Это музыкальная жизнь, к которой я приближался начиная с той первой пробежки на коньках, когда я, точно маньяк, промчался по всем вестибюлям и коридорам, ведущим от внешних к внутренним. К ней меня не приблизили ни мои отчаянные усилия, ни моя бурная деятельность, ни мои хождения в народ. Все это было просто движением от вектора к вектору в круге, который, как бы ни растягивался его периметр, все равно оставался параллельным царству, о котором я говорю. С колеса можно сойти в любой момент, потому как оно каждой точкой своей поверхности соприкасается с реальным миром и необходима только искра озарения, чтобы произошло чудо и конькобежец превратился в пловца, а пловец – в утес. Утес – это лишь символ деяния, благодаря которому колесо перестает вращаться вхолостую и существо достигает наивысшей полноты сознания. А такое сознание сродни неиссякаемому океану, который отдает себя солнцу и луне, а также и объемлет собой и солнце, и луну. И все, что существует, рождается из безбрежного океана света – даже ночь.

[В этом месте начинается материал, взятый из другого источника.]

text \<open>The sign of the odd interchange in \<open>cup_commute_odd\<close> cancels the sign in (R2).\<close>

lemma cup_straighten:
  assumes tu: "tm_type u = Some (0,2,True)"
  shows "u \<approx> Comp (Tens (Comp (Tens (Id 1) B) (Tens u (Id 1))) (Id 1)) Bs"
proof -
  let ?I = "Id 1"
  let ?tau = "Comp (Tens ?I B) (Tens u ?I)"
  have "Tens ?tau ?I \<approx> Tens ?tau (Comp ?I ?I)"
    by (rule sVW_tens_cong_right, rule sVW_eq.sym, rule sVW_comp_id_left) (simp_all add: tu)
  also have "\<dots> \<approx> Comp (Tens (Tens ?I B) ?I) (Tens (Tens u ?I) ?I)"
    by (rule sVW_eq.sym, rule sVW_interchange_even) (simp_all add: tu parity_def)
  finally have "Comp (Tens ?tau ?I) Bs \<approx> Comp (Comp (Tens (Tens ?I B) ?I) (Tens (Tens u ?I) ?I)) Bs"
    by (rule sVW_comp_cong_left) (simp add: tu)
  also have "\<dots> \<approx> Comp (Tens (Tens ?I B) ?I) (Comp (Tens (Tens u ?I) ?I) Bs)"
    by (rule sVW_comp_assoc) (simp add: tu)
  also have "\<dots> \<approx> Comp (Tens (Tens ?I B) ?I) (Smul (-1) (Comp (Tens (Id 2) Bs) u))"
    by (rule sVW_comp_cong_right[OF cup_commute_odd[OF tu]]) (simp add: tu)
  also have "\<dots> \<approx> Smul (-1) (Comp (Tens (Tens ?I B) ?I) (Comp (Tens (Id 2) Bs) u))"
    by (rule sVW_comp_smul_right) (simp add: tu)
  also have "\<dots> \<approx> Smul (-1) (Comp (Comp (Tens (Tens ?I B) ?I) (Tens (Id 2) Bs)) u)"
    by (rule sVW_eq.smul_cong, rule sVW_eq.sym, rule sVW_comp_assoc) (simp add: tu)
  also have "\<dots> \<approx> Smul (-1) (Comp (Smul (-1) (Id 2)) u)"
    by (rule sVW_eq.smul_cong, rule sVW_comp_cong_left[OF Id_tens_zigzag]) (simp add: tu)
  also have "\<dots> \<approx> Smul (-1) (Smul (-1) (Comp (Id 2) u))"
    by (rule sVW_eq.smul_cong, rule sVW_comp_smul_left) (simp add: tu)
  also have "\<dots> \<approx> Smul ((-1)*(-1)) (Comp (Id 2) u)"
    by (rule sVW_smul_smul) (simp add: tu)
  also have "\<dots> = Smul 1 (Comp (Id 2) u)" by simp
  also have "\<dots> \<approx> Comp (Id 2) u" by (rule sVW_smul_one) (simp add: tu)
  also have "\<dots> \<approx> u" by (rule sVW_comp_id_left) (simp add: tu)
  finally show ?thesis by (rule sVW_eq.sym)
qed
lemma norm_interp_value_coeff_le:
  fixes q :: "complex \<Rightarrow> complex"
  assumes "cmod (q t) \<le> 1" and "cmod (t - x0) \<le> 2" and "0 < g" and "g \<le> cmod (q x0)" and "g \<le> cmod (q x1)"
    and "cmod (q x0 - q x1) \<le> K * cmod (x1 - x0)" and "x1 \<noteq> x0"
  shows "cmod (interp_value_coeff q x0 x1 t) \<le> 1 / g + 2 * K / g\<^sup>2"
proof -
  have difference_quotient: "cmod (q x0 - q x1) / cmod (x1 - x0) \<le> K"
    using assms(6,7) by (simp add: divide_le_eq mult.commute)
  then have "0 \<le> K"
    by (meson divide_nonneg_nonneg norm_ge_zero order_trans)
  have "cmod (1 / q x0) \<le> 1 / g"
    using assms(3,4) by (simp add: norm_divide frac_le)
  moreover have "cmod ((t - x0) * (q x0 - q x1) / ((x1 - x0) * q x0 * q x1))
      = cmod (t - x0) * (cmod (q x0 - q x1) / cmod (x1 - x0)) / (cmod (q x0) * cmod (q x1))"
    by (simp add: norm_mult norm_divide)
  moreover have "\<dots> \<le> 2 * K / (g * g)"
    using assms(2-5) difference_quotient \<open>0 \<le> K\<close> by (intro frac_le mult_mono) auto
  ultimately have "cmod (1 / q x0 + (t - x0) * (q x0 - q x1) / ((x1 - x0) * q x0 * q x1))
      \<le> 1 / g + 2 * K / g\<^sup>2"
    by (simp add: power2_eq_square norm_triangle_le add_mono)
  then have "cmod (q t) * cmod (1 / q x0 + (t - x0) * (q x0 - q x1) / ((x1 - x0) * q x0 * q x1))
      \<le> 1 * (1 / g + 2 * K / g\<^sup>2)"
    using assms(1) \<open>0 < g\<close> \<open>0 \<le> K\<close> by (intro mult_mono) auto
  then show ?thesis
    by (simp add: interp_value_coeff_def norm_mult)
qed

lemma norm_two_point_interpolant_le:
  fixes x w0 w1 :: "nat \<Rightarrow> complex" and P :: "nat \<Rightarrow> complex poly"
  assumes "0 < \<gamma>" and "1 \<le> d" and disk: "\<forall>j\<le>d. cmod (x j) < 1" and inj: "inj_on x {..d}"
    and separated: "\<forall>z\<in>closed_segment (x 0) (x 1). \<forall>j\<in>{2..d}. 2 * \<gamma> \<le> dist z (x j)"
    and interpolates: "\<forall>i<n. degree (P i) \<le> d \<and> poly (P i) (x 0) = w0 i \<and> poly (P i) (x 1) = w1 i
                          \<and> (\<forall>j\<in>{2..d}. poly (P i) (x j) = 0)"
    and "cmod \<zeta> < 1"
  shows "cvnorm n (\<lambda>i. poly (P i) \<zeta>)
           \<le> 2 / \<gamma> ^ (d - 1) * cvnorm n (\<lambda>i. (w1 i - w0 i) / (x 1 - x 0))
             + (1 / \<gamma> ^ (d - 1) + real (d - 1) / (\<gamma> ^ (d - 1))\<^sup>2) * cvnorm n w0"
proof -
  define q where "q = poly (node_poly x {2..d})"
  define a where "a = interp_value_coeff q (x 0) (x 1) \<zeta>"
  define b where "b = interp_slope_coeff q (x 0) (x 1) \<zeta>"
  have "cmod (x j) \<le> 1" if "j \<le> d" for j
    using disk that by fastforce
  then have q_small: "cmod (q \<zeta>) \<le> 1"
    and q_lipschitz: "cmod (q (x 0) - q (x 1)) \<le> real (d - 1) / 2 * cmod (x 1 - x 0)"
    and "cmod (\<zeta> - x 0) \<le> 2"
    unfolding q_def using \<open>cmod \<zeta> < 1\<close> \<open>1 \<le> d\<close> norm_poly_node_poly_diff_le[of "x 0" "x 1" "{2..d}" x]
    by (auto intro!: norm_poly_node_poly_le_1 norm_diff_le_2 simp: norm_minus_commute)
  have q_large: "\<gamma> ^ (d - 1) \<le> cmod (q (x k))" if "k \<in> {0, 1}" for k
    using that separated \<open>0 < \<gamma>\<close> norm_poly_node_poly_ge[of \<gamma> "{2..d}" "x k" x]
    unfolding q_def by auto
  have "0 < \<gamma> ^ (d - 1)"
    using \<open>0 < \<gamma>\<close> by simp
  then have "q (x 0) \<noteq> 0" and "q (x 1) \<noteq> 0"
    using q_large[of 0] q_large[of 1] by auto
  then have "poly (P i) \<zeta> = a * poly (P i) (x 0) + b * ((poly (P i) (x 1) - poly (P i) (x 0)) / (x 1 - x 0))"
    if "i < n" for i
    unfolding a_def b_def q_def using interpolates that
    by (intro poly_eq_interp_coeffs_combination[OF inj \<open>1 \<le> d\<close>]) auto
  then have "poly (P i) \<zeta> = a * w0 i + b * ((w1 i - w0 i) / (x 1 - x 0))" if "i < n" for i
    using interpolates that by simp
  then have "cvnorm n (\<lambda>i. poly (P i) \<zeta>) = cvnorm n (\<lambda>i. a * w0 i + b * ((w1 i - w0 i) / (x 1 - x 0)))"
    unfolding cvnorm_def by (intro L2_set_cong) auto
  also have "\<dots> \<le> cmod b * cvnorm n (\<lambda>i. (w1 i - w0 i) / (x 1 - x 0)) + cmod a * cvnorm n w0"
    using cvnorm_linear_combination_le[of n a w0 b] by (simp only: add.commute)
  also have "\<dots> \<le> 2 / \<gamma> ^ (d - 1) * cvnorm n (\<lambda>i. (w1 i - w0 i) / (x 1 - x 0))
             + (1 / \<gamma> ^ (d - 1) + real (d - 1) / (\<gamma> ^ (d - 1))\<^sup>2) * cvnorm n w0"
  proof (intro add_mono mult_right_mono cvnorm_nonneg)
    show "cmod b \<le> 2 / \<gamma> ^ (d - 1)"
      unfolding b_def using q_small \<open>cmod (\<zeta> - x 0) \<le> 2\<close> \<open>0 < \<gamma> ^ (d - 1)\<close> q_large[of 1]
      by (intro norm_interp_slope_coeff_le) auto
    have "x 1 \<noteq> x 0"
      using inj \<open>1 \<le> d\<close> by (auto dest: inj_onD[of x _ 1 0])
    then show "cmod a \<le> 1 / \<gamma> ^ (d - 1) + real (d - 1) / (\<gamma> ^ (d - 1))\<^sup>2"
      unfolding a_def using q_small \<open>cmod (\<zeta> - x 0) \<le> 2\<close> \<open>0 < \<gamma> ^ (d - 1)\<close> q_large q_lipschitz
        norm_interp_value_coeff_le[where K = "real (d - 1) / 2" and g = "\<gamma> ^ (d - 1)"]
      by simp
  qed
  finally show ?thesis .
qed

theorem lemma6p2:
  fixes \<gamma> :: real and d :: nat
  assumes "\<gamma> > 0" and "d \<ge> 1"
  shows "\<exists>L0 L1 :: real. \<forall>(n::nat) (x::nat \<Rightarrow> complex) (w0::nat \<Rightarrow> complex)
            (w1::nat \<Rightarrow> complex) (P::nat \<Rightarrow> complex poly).
     (\<forall>j\<le>d. x j \<in> ball 0 1) \<and> inj_on x {..d} \<and>
     cmod (x 0 - x 1) \<le> \<gamma> \<and>
     (\<forall>z\<in>closed_segment (x 0) (x 1). \<forall>j\<in>{2..d}. dist z (x j) \<ge> 2 * \<gamma>) \<and>
     (\<forall>i<n. degree (P i) \<le> d \<and> poly (P i) (x 0) = w0 i \<and> poly (P i) (x 1) = w1 i \<and>
            (\<forall>j\<in>{2..d}. poly (P i) (x j) = 0))
     \<longrightarrow> (\<forall>\<zeta>\<in>ball 0 1.
           cvnorm n (\<lambda>i. poly (P i) \<zeta>)
             \<le> L1 * cvnorm n (\<lambda>i. (w1 i - w0 i) / (x 1 - x 0)) + L0 * cvnorm n w0)"
  by (intro exI allI impI ballI, elim conjE) (rule norm_two_point_interpolant_le[OF assms]; auto)

end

Подчас в безостановочном вращении колеса мне на миг приоткрывается характер прыжка, который необходимо сделать. Напрочь выскочить из часового механизма – вот она, спасительная мысль. Стать чем-то большим, чем-то иным, нежели самый прославленный маньяк на свете. Мне прискучила земная история человека. Мне прискучило покорять – даже покорять зло. Чудесно, конечно, излучать добро – это тонизирует, воодушевляет, оживляет. Но просто быть – это еще чудеснее, ибо это длится вечно и не требует никаких доказательств. Быть – это музыка, а музыка – это профанация молчания ради самого молчания, и потому она находится по ту сторону добра и зла. Музыка – это манифестация действия при отсутствии деятельности. Это чистый акт творчества, плавающий на собственной груди. Музыка не подстрекает и не защищает, не ищет и не объясняет. Музыка – это бесшумный звук, производимый пловцом в океане сознания. Это награда тому, кто ушел в себя. Это дар божества, которым становишься, когда перестаешь думать о том, чтобы им стать. Это Божий авгур, которым каждый станет в положенный срок – когда все, что есть, быть будет за пределами вообразимого.

* * *

Кода

Не так давно я бродил по улицам Нью-Йорка. Милый старый Бродвей! Стояла ночь, и небо было сапфирно-синим, таким же синим, как позолота на потолке Пагоды на рю-де-Бабилон в тот момент, когда начинает потрескивать механизм. Очутившись возле того самого места, где мы познакомились, я на мгновение притормозил и посмотрел на красный свет в окнах наверху. Как всегда, звучала музыка – по-прежнему легкая, острая, завораживающая. Вокруг миллионы людей, а я – один. Пока я там стоял, до меня вдруг дошло, что я о ней больше не думаю, а думаю я об этой вот книге, которую сейчас пишу, и книга стала для меня важнее, чем она, важнее, чем все то, что с нами произошло. Станет ли эта книга правдой, полной правдой и ничем, кроме правды? Упаси бог! Снова нырнув в толпу, я стал ломать голову над проблемой правды. Сколько лет уже я пытаюсь дорассказать эту историю, а вопрос правды все наваливается на меня, как какой-то кошмар. Сколько раз пересказывал я другим обстоятельства нашей жизни – и всегда говорил правду. Хотя правда тоже может оказаться ложью. Правда – это еще не все. Правда – это лишь ядро некоей тотальности, а тотальность – неисчерпаема.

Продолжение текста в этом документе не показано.